— Друг, ты упал с саней в тоннеле. Не гуумта. Я очень жалко.
— Если ты меня обманешь, твой вожак будет мертвый. Развяжи Торес Лахл. Ты в порядке, Торес?
— Мне приходилось принимать роды раньше, справлюсь и сейчас, — раздался в ответ слабый голос. — Но я рада видеть тебя, Лутерин.
— И что тут происходит?
— Фагоры что-то должны сделать для Уундаампа. Он договорился, что отдаст им меня в оплату за какую-то услугу. Меня запугали до смерти, но вреда не причинили. А ты как?
Голос Торес Лахл дрожал.
Фагор не двинулся с места. Пока Шокерандит развязывал узлы на руках Торес, Уундаамп у него за спиной говорил:
— Такая приятная госпожа, да. Ничего ей не сделали, ага.
Уундаамп рассмеялся.
Шокерандит прикусил губу; придется позволить этому зверю сохранить лицо. У них больше нет денег, и им придется ехать с Уундаампом дальше, потому что иначе им не добраться до Харнабхара.

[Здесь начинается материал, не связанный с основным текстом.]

lemma esd_sep_inverse:
  assumes "q u = 0" and "bil q u v = 0"
  shows "esd_sep u v (esd_sep u (- v) x y z) (esd_sep u (- v) y z w) (esd_sep u (- v) z w w') = x"
proof -
  have uu: "bil q u u = 0" and vu: "bil q v u = 0"
    using assms bil_self bil_commute by simp_all
  have bil_u: "bil q u (esd_sep u (- v) y z w) = bil q u y" for y z w
    by (simp add: esd_sep_def bil_add_right bil_diff_right bil_scale_right bil_minus_right uu assms)
  have bil_v: "bil q v (esd_sep u (- v) y z w) = bil q v y + 2 * q v * bil q u z" for y z w
    by (simp add: esd_sep_def bil_add_right bil_diff_right bil_scale_right bil_minus_right
        bil_minus_left vu bil_self q_minus)
  have scale_double: "s (c * (2 * a)) x = s (c * a) x + s (c * a) x" for a c x
    by (metis mult.left_commute mult_2 scale_left_distrib)
  show ?thesis
    unfolding esd_sep_def[of u v] bil_u bil_v
    by (simp add: esd_sep_def q_minus bil_minus_left algebra_simps scale_double)
qed

definition lifted_esd :: "'m \<Rightarrow> 'm \<Rightarrow> nat \<Rightarrow> 'm poly \<Rightarrow> 'm poly" where
  "lifted_esd u v k = esd (scaleX s) (qX q) [:u:] (monom v k)"

lemma coeff_lifted_esd:
  "coeff (lifted_esd u v k p) n = esd_sep u v (coeff p n) (shift_coeff p k n) (shift_coeff p (2 * k) n)"
proof -
  have "shift_coeff (bil (qX q) (monom u 0) p) k n = bil q u (shift_coeff p k n)"
    by (simp add: shift_coeff_def coeff_bil_qX_monom)
  moreover have "coeff (monom (q v) (2 * k) * bil (qX q) (monom u 0) p) n
      = q v * bil q u (shift_coeff p (2 * k) n)"
    by (simp add: coeff_monom_mult shift_coeff_def coeff_bil_qX_monom)
  ultimately show ?thesis
    unfolding lifted_esd_def esd_def esd_sep_def monom_0[symmetric]
    by (simp add: coeff_bil_qX_monom qX_monom coeff_scaleX_monom)
qed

Когда ее руки были развязаны, Торес Лахл сказала Уундаампу:
— Ты очень добр. Когда твой ребенок родится, я куплю тебе и Моуб трубки с оччарой, итчо?

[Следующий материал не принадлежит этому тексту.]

(* For any SCC $F:\Theta\to 2^Z\setminus\{\emptyset\}$ the following are equivalent: (i) $F$ is pure-Nash-implementable; (ii) $F$ is mixed-Nash-A-implementable; (iii) $F$ is mixed-Nash-B-implementable.
   Context: Standing setup: $\mathcal I=\{1,\dots,I\}$ finite, $I\ge 3$; $\Theta$ finite or countably infinite; $Z$ finite; $Y=\Delta(Z)$; $u_i^\theta:Z\to\mathbb R$, $U_i^\theta(y)=\sum_z y_zu_i^\theta(z)$. A mechanism $\mathcal M=\langle M=\times_iM_i,g:M\to Y\rangle$ has countable $M_i$; $g(\lambda)$ is the lottery induced by a profile $\lambda$; $PNE^{(\mathcal M,\theta)}$, $MNE^{(\mathcal M,\theta)}$ are the sets of pure and mixed Nash equilibria at $\theta$. $F$ is pure-Nash-implementable if some $\mathcal M$ satisfies $\bigcup_{\lambda\in PNE^{(\mathcal M,\theta)}}\mathrm{SUPP}(g[\lambda])=F(\theta)$ for all $\theta$; mixed-Nash-A-implementable if some $\mathcal M$ satisfies $\bigcup_{\lambda\in MNE^{(\mathcal M,\theta)}}\mathrm{SUPP}(g[\lambda])=F(\theta)$ for all $\theta$; mixed-Nash-B-implementable if some $\mathcal M$ satisfies $\bigcup_{\lambda\in MNE^{(\mathcal M,\theta)}}\mathrm{SUPP}(g[\lambda])=\bigcup_{\lambda\in PNE^{(\mathcal M,\theta)}}\mathrm{SUPP}(g[\lambda])=F(\theta)$ for all $\theta$. *)

theory Defs
  imports "HOL-Probability.Product_PMF"
begin

(* Agents: a finite type 'i (|I| = CARD('i)); states: countable type 'th;
   outcomes: finite type 'z; lotteries Y = Delta(Z): 'z pmf.
   A mechanism is a pair (Msg, g): Msg i :: nat set is the (countable) message
   set of agent i, g maps message profiles to lotteries. *)

definition U :: "('z::finite \<Rightarrow> real) \<Rightarrow> 'z pmf \<Rightarrow> real" where
  "U v y = (\<Sum>z\<in>UNIV. pmf y z * v z)"

definition outcome :: "(('i::finite \<Rightarrow> nat) \<Rightarrow> 'z pmf) \<Rightarrow> ('i \<Rightarrow> nat pmf) \<Rightarrow> 'z pmf" where
  "outcome g str = bind_pmf (Pi_pmf UNIV undefined str) g"

definition is_PNE ::
  "('i::finite \<Rightarrow> nat set) \<Rightarrow> (('i \<Rightarrow> nat) \<Rightarrow> 'z::finite pmf) \<Rightarrow> ('i \<Rightarrow> 'th \<Rightarrow> 'z \<Rightarrow> real)
    \<Rightarrow> 'th \<Rightarrow> ('i \<Rightarrow> nat) \<Rightarrow> bool" where
  "is_PNE Msg g u \<theta> m \<longleftrightarrow>
     (\<forall>i. m i \<in> Msg i) \<and>
     (\<forall>i. \<forall>m'\<in>Msg i. U (u i \<theta>) (g (m(i := m'))) \<le> U (u i \<theta>) (g m))"

definition is_MNE ::
  "('i::finite \<Rightarrow> nat set) \<Rightarrow> (('i \<Rightarrow> nat) \<Rightarrow> 'z::finite pmf) \<Rightarrow> ('i \<Rightarrow> 'th \<Rightarrow> 'z \<Rightarrow> real)
    \<Rightarrow> 'th \<Rightarrow> ('i \<Rightarrow> nat pmf) \<Rightarrow> bool" where
  "is_MNE Msg g u \<theta> str \<longleftrightarrow>
     (\<forall>i. set_pmf (str i) \<subseteq> Msg i) \<and>
     (\<forall>i \<mu>. set_pmf \<mu> \<subseteq> Msg i \<longrightarrow>
        U (u i \<theta>) (outcome g (str(i := \<mu>))) \<le> U (u i \<theta>) (outcome g str))"

definition PNE_outcomes ::
  "('i::finite \<Rightarrow> nat set) \<Rightarrow> (('i \<Rightarrow> nat) \<Rightarrow> 'z::finite pmf) \<Rightarrow> ('i \<Rightarrow> 'th \<Rightarrow> 'z \<Rightarrow> real)
    \<Rightarrow> 'th \<Rightarrow> 'z set" where
  "PNE_outcomes Msg g u \<theta> = (\<Union>m\<in>{m. is_PNE Msg g u \<theta> m}. set_pmf (g m))"

definition MNE_outcomes ::
  "('i::finite \<Rightarrow> nat set) \<Rightarrow> (('i \<Rightarrow> nat) \<Rightarrow> 'z::finite pmf) \<Rightarrow> ('i \<Rightarrow> 'th \<Rightarrow> 'z \<Rightarrow> real)
    \<Rightarrow> 'th \<Rightarrow> 'z set" where
  "MNE_outcomes Msg g u \<theta> = (\<Union>s\<in>{s. is_MNE Msg g u \<theta> s}. set_pmf (outcome g s))"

Шокерандит молча одобрил находчивость Торес. Поразительно.
Уундаамп улыбнулся и присвистнул сквозь зубы.
— А для ребенка тоже купишь, вдобавок? Если так, то я курю три трубки сразу.

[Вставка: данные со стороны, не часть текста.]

lemma test_coeffs_order6: "z \<noteq> 0 \<Longrightarrow> length (test_coeffs X z) = 6 \<and> test_coeffs X z ! 5 \<noteq> 0"
  by (simp add: test_coeffs_def)

lemma computes_test_prog:
  assumes "decides_UPP6 d" "z \<noteq> 0"
  shows "computes (test_prog d X Y z s) 2 (\<lambda>xs. test_answer d X Y z s (xs ! 0) (xs ! 1))"
  unfolding test_prog_def
proof (rule computes_Comp)
  let ?Gs = "map (\<lambda>c _. int_encode c) (test_coeffs X z) @
    map (\<lambda>m xs. int_encode (test_seq X Y z s (int (xs ! 0)) (int (xs ! 1)) m)) [0..<6]"
  have "test_seq X Y z s (int x) (int y) m
      = s * snd (gauss_pow X Y m) * int x + int m * (z ^ m - fst (gauss_pow X Y m)) * int y" for x y m
    by (simp add: test_seq_def algebra_simps)
  then show "list_all2 (\<lambda>g G. computes g 2 G) (map (rconst \<circ> int_encode) (test_coeffs X z) @
      map (\<lambda>m. rint_lin (s * snd (gauss_pow X Y m)) (int m * (z ^ m - fst (gauss_pow X Y m))))
        [0..<6]) ?Gs"
    by (intro list_all2_appendI)
      (auto simp: list_all2_map1 list_all2_map2 list_all2_same computes_rconst
        computes_rint_lin[unfolded One_nat_def])
  fix xs :: "nat list"
  have eq: "map (\<lambda>G. G xs) ?Gs = map int_encode (test_coeffs X z @
      map (test_seq X Y z s (int (xs ! 0)) (int (xs ! 1))) [0..<6])"
    by simp
  show "eval d (map (\<lambda>G. G xs) ?Gs) (test_answer d X Y z s (xs ! 0) (xs ! 1))"
    unfolding eq test_answer_def
    by (rule upp_answer(1)[OF assms(1)]) (use test_coeffs_order6[OF assms(2)] in auto)
qed

definition both_answer :: "recf \<Rightarrow> int \<Rightarrow> int \<Rightarrow> int \<Rightarrow> nat \<Rightarrow> nat \<Rightarrow> nat" where
  "both_answer d X Y z j K = test_answer d X Y z 1 j K * test_answer d X Y z (-1) j K"

text \<open>j / K brackets pi L(t) within 1 / K and num / den approximates pi / 4, so the code stands
  for the rational j den / (4 K num).\<close>
definition lagrange_code :: "recf \<Rightarrow> int \<Rightarrow> int \<Rightarrow> int \<Rightarrow> nat \<Rightarrow> nat" where
  "lagrange_code d X Y z K = prod_encode
     (2 * (last_nonzero (\<lambda>j. both_answer d X Y z j K) (4 * K) * leibniz_den (3 * K)),
      4 * K * leibniz_num (3 * K) - 1)"

definition lagrange_prog :: "recf \<Rightarrow> int \<Rightarrow> int \<Rightarrow> int \<Rightarrow> recf" where
  "lagrange_prog d X Y z =
     (let K = rsuc (Proj 1); M = rmult (rconst 3) K;
          j = Comp (last_nonzero_prog (rmult (test_prog d X Y z 1) (test_prog d X Y z (-1))))
                [rmult (rconst 4) K, K]
      in rprod_encode (rmult (rconst 2) (rmult j (Comp leibniz_den_prog [M])))
           (rsub (rmult (rmult (rconst 4) K) (Comp leibniz_num_prog [M])) (rconst 1)))"

lemma computes_lagrange_prog:
  assumes "decides_UPP6 d" "z \<noteq> 0"
  shows "computes (lagrange_prog d X Y z) 2 (\<lambda>xs. lagrange_code d X Y z (Suc (xs ! 1)))"
proof -
  have K: "computes (rsuc (Proj 1)) 2 (\<lambda>xs. Suc (xs ! 1))" by (intro computes_arith) simp
  have M: "computes (rmult (rconst 3) (rsuc (Proj 1))) 2 (\<lambda>xs. 3 * Suc (xs ! 1))"
    by (intro computes_arith) simp
  have "computes (rmult (test_prog d X Y z 1) (test_prog d X Y z (-1))) 2
      (\<lambda>xs. both_answer d X Y z (xs ! 0) (xs ! 1))"
    unfolding both_answer_def using assms by (intro computes_rmult computes_test_prog)
  moreover have "computes (rmult (rconst 4) (rsuc (Proj 1))) 2 (\<lambda>xs. 4 * Suc (xs ! 1))"
    by (intro computes_arith) simp
  ultimately have "computes
      (Comp (last_nonzero_prog (rmult (test_prog d X Y z 1) (test_prog d X Y z (-1))))
        [rmult (rconst 4) (rsuc (Proj 1)), rsuc (Proj 1)]) 2
      (\<lambda>xs. last_nonzero (\<lambda>j. both_answer d X Y z j (Suc (xs ! 1))) (4 * Suc (xs ! 1)))"
    by (intro computes_Comp2[OF computes_last_nonzero_prog _ K]) auto
  moreover have "computes (Comp leibniz_den_prog [rmult (rconst 3) (rsuc (Proj 1))]) 2
      (\<lambda>xs. leibniz_den (3 * Suc (xs ! 1)))"
    by (rule computes_Comp1[OF computes_leibniz_den_prog M]) simp
  moreover have "computes (Comp leibniz_num_prog [rmult (rconst 3) (rsuc (Proj 1))]) 2
      (\<lambda>xs. leibniz_num (3 * Suc (xs ! 1)))"
    by (rule computes_Comp1[OF computes_leibniz_num_prog M]) simp
  ultimately show ?thesis
    unfolding lagrange_prog_def lagrange_code_def Let_def
    by (intro computes_rprod_encode computes_arith K)
qed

— Я-я, только если ты выпроводишь отсюда этих мохнатых болванов, пока я буду принимать роды.
Бледная Торес Лахл смотрела прямо в глаза ондоду, и ее голос больше не дрожал.
Но Уундаампу еще не казалось, что его честь восстановлена в полной мере.
— Деньги давай сейчас. Моуб пойдет купить три трубки оччара сейчас. Лучше уехать из Нунаата, пока светло.
— У Моуб отошли воды, она сейчас родит.
— Ребенок не выйдет минут двадцать. Она быстро сходит и принесет. Покурим, потом рожать.
Уундаамп еще раз хлопнул в свои восьмипалые ладоши и рассмеялся.
— Ребенок уже почти выходит из нее.
— Эта женщина — ленивый мешок.
Уундаамп схватил жену за руку. Та послушно поднялась и села. Торес Лахл и Шокерандит переглянулись. Шокерандит кивнул, и Торес достала несколько сибов и протянула их женщине. Моуб завернулась в красное одеяло в желтую клетку и, ни словом не возразив, побрела к выходу.
— Останься тут, — сказал Шокерандит. Торес Лахл присела на скамью в пятнах вод. Вожак успокоился и, вывалив красный язык, сел возле шеста, к которому был привязан. По знаку Уундаампа фагоры двинулись в дальний конец дома, где вышли наружу через заднюю дверь. Шокерандит увидел, что на заднем дворе стоят сани Уундаампа, полностью готовые в дорогу.
— Где твой друг с хвостом на лице? — с невинным видом спросил Уундаамп.
— Я потерял его. Твой план не сработал.
— Ха-ха. Мой план отлично сработал. Мы едем в Харбер, не передумал?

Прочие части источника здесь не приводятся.